[DATA FOR ANALYSIS]

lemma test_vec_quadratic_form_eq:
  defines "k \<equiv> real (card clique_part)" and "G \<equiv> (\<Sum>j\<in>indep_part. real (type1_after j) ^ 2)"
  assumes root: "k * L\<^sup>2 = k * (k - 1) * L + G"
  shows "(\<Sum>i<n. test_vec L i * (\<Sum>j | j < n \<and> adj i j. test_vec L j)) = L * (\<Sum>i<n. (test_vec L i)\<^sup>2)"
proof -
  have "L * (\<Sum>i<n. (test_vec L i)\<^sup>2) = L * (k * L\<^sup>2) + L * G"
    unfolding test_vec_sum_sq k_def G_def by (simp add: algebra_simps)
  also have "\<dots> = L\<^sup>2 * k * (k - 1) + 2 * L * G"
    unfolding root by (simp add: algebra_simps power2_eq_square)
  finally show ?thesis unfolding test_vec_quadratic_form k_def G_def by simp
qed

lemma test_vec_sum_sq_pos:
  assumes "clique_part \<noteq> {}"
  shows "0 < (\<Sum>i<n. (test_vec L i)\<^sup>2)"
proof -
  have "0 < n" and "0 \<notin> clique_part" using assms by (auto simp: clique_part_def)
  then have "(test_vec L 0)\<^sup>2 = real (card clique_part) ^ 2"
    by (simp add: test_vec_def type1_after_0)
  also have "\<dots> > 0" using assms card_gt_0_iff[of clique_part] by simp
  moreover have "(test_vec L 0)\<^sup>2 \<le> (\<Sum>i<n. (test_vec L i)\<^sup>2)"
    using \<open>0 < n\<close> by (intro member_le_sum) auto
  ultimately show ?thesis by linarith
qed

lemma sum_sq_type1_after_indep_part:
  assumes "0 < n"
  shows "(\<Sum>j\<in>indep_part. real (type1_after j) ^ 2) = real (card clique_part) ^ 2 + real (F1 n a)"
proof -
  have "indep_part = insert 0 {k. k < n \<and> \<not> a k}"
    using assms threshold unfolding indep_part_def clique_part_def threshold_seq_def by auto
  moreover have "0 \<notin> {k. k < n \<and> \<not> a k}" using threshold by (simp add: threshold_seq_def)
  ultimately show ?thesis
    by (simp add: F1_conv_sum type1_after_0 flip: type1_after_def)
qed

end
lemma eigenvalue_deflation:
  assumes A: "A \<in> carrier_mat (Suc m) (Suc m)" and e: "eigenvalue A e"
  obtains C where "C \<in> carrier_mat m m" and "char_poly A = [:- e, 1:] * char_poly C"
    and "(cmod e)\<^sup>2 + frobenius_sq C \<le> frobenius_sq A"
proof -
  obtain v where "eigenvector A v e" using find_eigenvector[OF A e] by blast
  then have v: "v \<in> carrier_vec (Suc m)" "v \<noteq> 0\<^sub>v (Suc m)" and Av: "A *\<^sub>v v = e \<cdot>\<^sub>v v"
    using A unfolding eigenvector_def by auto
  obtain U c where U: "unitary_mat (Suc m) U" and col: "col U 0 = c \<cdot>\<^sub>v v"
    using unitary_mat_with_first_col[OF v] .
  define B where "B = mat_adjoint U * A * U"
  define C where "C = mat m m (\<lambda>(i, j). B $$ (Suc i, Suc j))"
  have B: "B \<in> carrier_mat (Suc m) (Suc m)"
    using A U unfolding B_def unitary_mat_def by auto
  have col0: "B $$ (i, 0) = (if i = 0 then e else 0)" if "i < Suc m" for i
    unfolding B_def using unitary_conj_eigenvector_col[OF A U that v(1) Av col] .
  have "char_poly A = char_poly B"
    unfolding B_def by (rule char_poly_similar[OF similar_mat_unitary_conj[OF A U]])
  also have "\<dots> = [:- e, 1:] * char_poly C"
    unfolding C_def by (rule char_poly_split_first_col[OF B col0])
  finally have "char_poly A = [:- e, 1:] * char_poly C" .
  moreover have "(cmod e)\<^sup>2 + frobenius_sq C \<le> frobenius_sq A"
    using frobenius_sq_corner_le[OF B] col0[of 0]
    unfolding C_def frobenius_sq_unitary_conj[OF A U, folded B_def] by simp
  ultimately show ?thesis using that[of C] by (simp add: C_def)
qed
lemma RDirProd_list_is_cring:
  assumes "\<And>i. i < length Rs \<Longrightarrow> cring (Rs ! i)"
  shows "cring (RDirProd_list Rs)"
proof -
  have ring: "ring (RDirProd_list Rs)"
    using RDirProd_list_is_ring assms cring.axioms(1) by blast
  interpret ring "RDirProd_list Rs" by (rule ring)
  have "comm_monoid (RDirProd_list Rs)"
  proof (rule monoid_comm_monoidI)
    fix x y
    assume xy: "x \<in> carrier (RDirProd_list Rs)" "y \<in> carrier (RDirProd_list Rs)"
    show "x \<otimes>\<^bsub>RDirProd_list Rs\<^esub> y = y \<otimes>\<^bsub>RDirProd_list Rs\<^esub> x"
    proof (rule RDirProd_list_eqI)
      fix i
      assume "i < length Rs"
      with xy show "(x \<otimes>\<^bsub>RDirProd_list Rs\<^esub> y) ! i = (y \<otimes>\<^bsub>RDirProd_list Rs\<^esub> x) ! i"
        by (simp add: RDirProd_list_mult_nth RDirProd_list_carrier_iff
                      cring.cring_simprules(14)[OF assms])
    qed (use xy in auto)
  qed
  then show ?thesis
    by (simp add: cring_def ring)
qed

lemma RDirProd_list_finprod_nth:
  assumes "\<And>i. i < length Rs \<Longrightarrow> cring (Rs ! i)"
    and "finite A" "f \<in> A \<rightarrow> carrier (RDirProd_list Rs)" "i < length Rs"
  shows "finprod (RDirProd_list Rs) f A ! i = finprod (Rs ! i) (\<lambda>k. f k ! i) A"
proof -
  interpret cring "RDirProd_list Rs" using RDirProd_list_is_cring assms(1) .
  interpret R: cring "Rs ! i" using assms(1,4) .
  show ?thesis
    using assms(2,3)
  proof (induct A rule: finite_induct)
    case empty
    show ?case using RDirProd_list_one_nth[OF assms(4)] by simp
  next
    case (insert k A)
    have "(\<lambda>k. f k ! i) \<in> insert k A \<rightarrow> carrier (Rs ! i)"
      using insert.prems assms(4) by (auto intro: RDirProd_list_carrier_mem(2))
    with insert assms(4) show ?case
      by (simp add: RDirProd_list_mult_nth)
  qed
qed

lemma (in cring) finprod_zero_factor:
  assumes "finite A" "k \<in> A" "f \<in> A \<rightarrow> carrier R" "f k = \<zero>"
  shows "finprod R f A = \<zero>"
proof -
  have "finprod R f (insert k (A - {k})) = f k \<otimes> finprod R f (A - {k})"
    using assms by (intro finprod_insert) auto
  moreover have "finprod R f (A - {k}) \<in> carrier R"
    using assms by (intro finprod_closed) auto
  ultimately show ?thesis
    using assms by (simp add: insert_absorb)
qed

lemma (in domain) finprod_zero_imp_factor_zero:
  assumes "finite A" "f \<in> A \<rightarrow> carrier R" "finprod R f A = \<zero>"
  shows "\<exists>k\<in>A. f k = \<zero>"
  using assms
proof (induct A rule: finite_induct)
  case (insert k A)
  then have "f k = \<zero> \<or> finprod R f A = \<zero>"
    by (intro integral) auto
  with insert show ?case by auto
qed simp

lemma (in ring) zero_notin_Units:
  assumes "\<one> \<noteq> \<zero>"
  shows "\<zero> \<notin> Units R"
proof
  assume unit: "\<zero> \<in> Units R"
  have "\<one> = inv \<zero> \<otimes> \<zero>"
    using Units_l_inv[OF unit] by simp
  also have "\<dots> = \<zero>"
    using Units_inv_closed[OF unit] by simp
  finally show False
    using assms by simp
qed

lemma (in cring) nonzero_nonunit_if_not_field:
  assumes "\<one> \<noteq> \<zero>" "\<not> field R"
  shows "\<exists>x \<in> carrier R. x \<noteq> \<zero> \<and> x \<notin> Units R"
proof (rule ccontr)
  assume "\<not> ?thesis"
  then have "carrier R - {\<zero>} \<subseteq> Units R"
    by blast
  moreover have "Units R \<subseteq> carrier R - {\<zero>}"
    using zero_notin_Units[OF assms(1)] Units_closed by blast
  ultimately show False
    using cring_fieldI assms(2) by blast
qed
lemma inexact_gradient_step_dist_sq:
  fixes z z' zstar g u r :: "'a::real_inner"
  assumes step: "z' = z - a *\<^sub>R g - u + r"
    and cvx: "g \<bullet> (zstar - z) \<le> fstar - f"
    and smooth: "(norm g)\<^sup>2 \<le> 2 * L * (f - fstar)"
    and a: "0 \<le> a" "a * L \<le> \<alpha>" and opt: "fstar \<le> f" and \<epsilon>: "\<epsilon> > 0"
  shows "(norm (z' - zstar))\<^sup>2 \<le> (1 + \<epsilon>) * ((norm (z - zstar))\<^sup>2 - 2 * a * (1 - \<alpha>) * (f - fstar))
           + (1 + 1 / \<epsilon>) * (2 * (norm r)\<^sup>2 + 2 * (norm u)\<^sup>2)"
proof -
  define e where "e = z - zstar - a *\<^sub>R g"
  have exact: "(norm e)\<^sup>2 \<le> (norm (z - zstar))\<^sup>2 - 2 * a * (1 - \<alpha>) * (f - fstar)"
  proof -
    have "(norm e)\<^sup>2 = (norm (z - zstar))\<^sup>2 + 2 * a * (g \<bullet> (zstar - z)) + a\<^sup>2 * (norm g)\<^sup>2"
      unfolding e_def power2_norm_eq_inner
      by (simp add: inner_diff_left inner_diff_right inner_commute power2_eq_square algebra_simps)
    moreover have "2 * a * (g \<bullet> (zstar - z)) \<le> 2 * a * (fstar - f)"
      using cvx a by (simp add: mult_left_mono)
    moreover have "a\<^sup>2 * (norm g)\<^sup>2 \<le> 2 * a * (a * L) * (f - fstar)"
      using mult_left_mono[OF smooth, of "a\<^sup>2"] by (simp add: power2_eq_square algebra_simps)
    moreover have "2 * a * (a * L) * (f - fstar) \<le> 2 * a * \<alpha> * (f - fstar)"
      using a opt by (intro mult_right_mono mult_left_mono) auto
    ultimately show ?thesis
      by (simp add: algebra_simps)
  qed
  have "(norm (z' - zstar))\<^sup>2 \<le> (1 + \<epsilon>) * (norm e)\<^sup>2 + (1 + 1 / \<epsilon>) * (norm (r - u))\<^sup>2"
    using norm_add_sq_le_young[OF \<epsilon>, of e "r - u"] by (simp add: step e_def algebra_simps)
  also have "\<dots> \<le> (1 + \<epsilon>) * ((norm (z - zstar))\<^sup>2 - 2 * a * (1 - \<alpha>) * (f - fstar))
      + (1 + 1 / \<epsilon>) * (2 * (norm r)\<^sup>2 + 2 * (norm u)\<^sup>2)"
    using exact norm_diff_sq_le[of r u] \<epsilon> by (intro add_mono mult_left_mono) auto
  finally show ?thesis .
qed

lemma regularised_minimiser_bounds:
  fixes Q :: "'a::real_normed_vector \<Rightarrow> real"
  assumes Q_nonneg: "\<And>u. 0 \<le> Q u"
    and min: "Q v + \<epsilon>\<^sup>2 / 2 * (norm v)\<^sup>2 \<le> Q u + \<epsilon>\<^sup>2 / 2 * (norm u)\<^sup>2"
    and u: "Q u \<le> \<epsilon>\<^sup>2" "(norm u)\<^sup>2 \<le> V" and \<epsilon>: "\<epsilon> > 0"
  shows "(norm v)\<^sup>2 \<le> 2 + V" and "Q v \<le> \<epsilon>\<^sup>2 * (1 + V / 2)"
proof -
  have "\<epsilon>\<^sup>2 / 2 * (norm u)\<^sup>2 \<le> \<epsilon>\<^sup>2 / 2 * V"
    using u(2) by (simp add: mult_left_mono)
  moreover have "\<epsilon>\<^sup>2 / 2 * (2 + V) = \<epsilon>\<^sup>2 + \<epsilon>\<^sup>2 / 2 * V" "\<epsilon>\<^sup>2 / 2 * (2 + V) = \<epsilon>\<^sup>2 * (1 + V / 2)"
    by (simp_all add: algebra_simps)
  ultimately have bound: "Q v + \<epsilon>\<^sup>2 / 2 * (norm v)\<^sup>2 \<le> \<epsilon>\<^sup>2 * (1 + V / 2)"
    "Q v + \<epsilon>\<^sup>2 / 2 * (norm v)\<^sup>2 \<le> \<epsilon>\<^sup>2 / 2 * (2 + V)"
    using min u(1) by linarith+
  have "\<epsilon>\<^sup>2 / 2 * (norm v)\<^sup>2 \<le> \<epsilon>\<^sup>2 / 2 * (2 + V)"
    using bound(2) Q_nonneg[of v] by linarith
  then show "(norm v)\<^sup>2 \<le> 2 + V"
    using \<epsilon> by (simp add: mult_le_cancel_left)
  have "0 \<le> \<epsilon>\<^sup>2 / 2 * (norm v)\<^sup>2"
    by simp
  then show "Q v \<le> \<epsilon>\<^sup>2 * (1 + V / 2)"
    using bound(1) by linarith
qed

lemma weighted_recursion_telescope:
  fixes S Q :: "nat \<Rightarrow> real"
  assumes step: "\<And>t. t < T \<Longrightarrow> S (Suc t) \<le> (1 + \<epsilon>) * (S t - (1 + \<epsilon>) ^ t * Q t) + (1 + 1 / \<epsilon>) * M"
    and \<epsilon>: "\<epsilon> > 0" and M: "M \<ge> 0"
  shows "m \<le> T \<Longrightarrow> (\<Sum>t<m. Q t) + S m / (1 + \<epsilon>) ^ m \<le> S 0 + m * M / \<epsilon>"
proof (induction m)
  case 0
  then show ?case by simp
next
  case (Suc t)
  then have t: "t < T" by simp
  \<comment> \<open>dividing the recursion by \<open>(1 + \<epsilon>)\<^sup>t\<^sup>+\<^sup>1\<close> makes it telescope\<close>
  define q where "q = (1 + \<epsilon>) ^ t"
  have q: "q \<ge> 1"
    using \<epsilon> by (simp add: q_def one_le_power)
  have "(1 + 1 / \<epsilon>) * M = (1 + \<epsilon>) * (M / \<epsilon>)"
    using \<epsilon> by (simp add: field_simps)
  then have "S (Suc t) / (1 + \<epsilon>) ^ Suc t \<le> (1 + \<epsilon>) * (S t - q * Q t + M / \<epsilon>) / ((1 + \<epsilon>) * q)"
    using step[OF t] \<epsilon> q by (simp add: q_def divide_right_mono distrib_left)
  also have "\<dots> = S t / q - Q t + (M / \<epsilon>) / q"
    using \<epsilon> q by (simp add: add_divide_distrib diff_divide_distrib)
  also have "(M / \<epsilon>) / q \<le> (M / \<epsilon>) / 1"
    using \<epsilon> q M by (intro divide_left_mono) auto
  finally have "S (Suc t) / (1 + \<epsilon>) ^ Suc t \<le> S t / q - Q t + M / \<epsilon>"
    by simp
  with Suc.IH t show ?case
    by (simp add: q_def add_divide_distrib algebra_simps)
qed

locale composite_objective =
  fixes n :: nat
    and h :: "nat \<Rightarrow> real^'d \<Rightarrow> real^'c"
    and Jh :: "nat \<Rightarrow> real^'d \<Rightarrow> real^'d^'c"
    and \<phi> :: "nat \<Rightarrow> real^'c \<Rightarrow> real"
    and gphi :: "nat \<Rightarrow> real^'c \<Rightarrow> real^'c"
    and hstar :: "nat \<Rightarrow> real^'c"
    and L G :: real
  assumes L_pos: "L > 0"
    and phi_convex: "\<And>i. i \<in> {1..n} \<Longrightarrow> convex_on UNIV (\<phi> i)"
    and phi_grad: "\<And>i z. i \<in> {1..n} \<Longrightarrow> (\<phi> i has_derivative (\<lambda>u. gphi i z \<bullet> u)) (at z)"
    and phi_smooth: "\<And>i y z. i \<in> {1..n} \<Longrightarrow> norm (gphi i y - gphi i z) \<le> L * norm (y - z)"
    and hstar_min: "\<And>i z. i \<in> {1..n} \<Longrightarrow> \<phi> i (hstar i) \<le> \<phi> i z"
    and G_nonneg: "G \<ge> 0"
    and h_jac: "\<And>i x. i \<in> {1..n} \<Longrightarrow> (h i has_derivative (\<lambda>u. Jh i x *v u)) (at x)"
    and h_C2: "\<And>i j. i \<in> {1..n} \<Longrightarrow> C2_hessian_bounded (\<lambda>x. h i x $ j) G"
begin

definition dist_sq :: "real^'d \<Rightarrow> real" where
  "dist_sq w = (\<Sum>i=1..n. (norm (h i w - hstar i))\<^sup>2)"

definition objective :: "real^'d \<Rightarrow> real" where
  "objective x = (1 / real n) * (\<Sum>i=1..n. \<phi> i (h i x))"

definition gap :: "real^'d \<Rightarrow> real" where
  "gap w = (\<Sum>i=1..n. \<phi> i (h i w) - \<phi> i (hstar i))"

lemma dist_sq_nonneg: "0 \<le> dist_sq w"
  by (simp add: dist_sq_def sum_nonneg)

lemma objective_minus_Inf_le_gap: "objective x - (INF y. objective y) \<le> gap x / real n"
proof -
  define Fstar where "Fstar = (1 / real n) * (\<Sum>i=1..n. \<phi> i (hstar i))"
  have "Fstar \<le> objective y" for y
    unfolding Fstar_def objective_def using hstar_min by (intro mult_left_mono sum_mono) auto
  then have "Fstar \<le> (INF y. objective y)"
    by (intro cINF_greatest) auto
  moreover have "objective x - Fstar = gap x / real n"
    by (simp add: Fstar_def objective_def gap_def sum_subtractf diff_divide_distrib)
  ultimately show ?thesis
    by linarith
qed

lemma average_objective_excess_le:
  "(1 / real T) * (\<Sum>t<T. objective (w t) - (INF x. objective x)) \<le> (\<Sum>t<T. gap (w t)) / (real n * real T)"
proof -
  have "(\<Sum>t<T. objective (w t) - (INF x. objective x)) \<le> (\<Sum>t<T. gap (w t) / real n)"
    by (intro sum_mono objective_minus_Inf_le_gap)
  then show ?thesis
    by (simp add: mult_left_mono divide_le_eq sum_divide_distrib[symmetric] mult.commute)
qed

[/DATA FOR ANALYSIS]

WHAT YOU SHOULD DO -> For each line above that contains the word "threshold", make a copy.

RESPONSE AREA ->
    using assms threshold unfolding indep_part_def clique_part_def threshold_seq_def by auto
  moreover have "0 \<notin> {k. k < n \<and> \<not> a k}" using threshold by (simp add: threshold_seq_def)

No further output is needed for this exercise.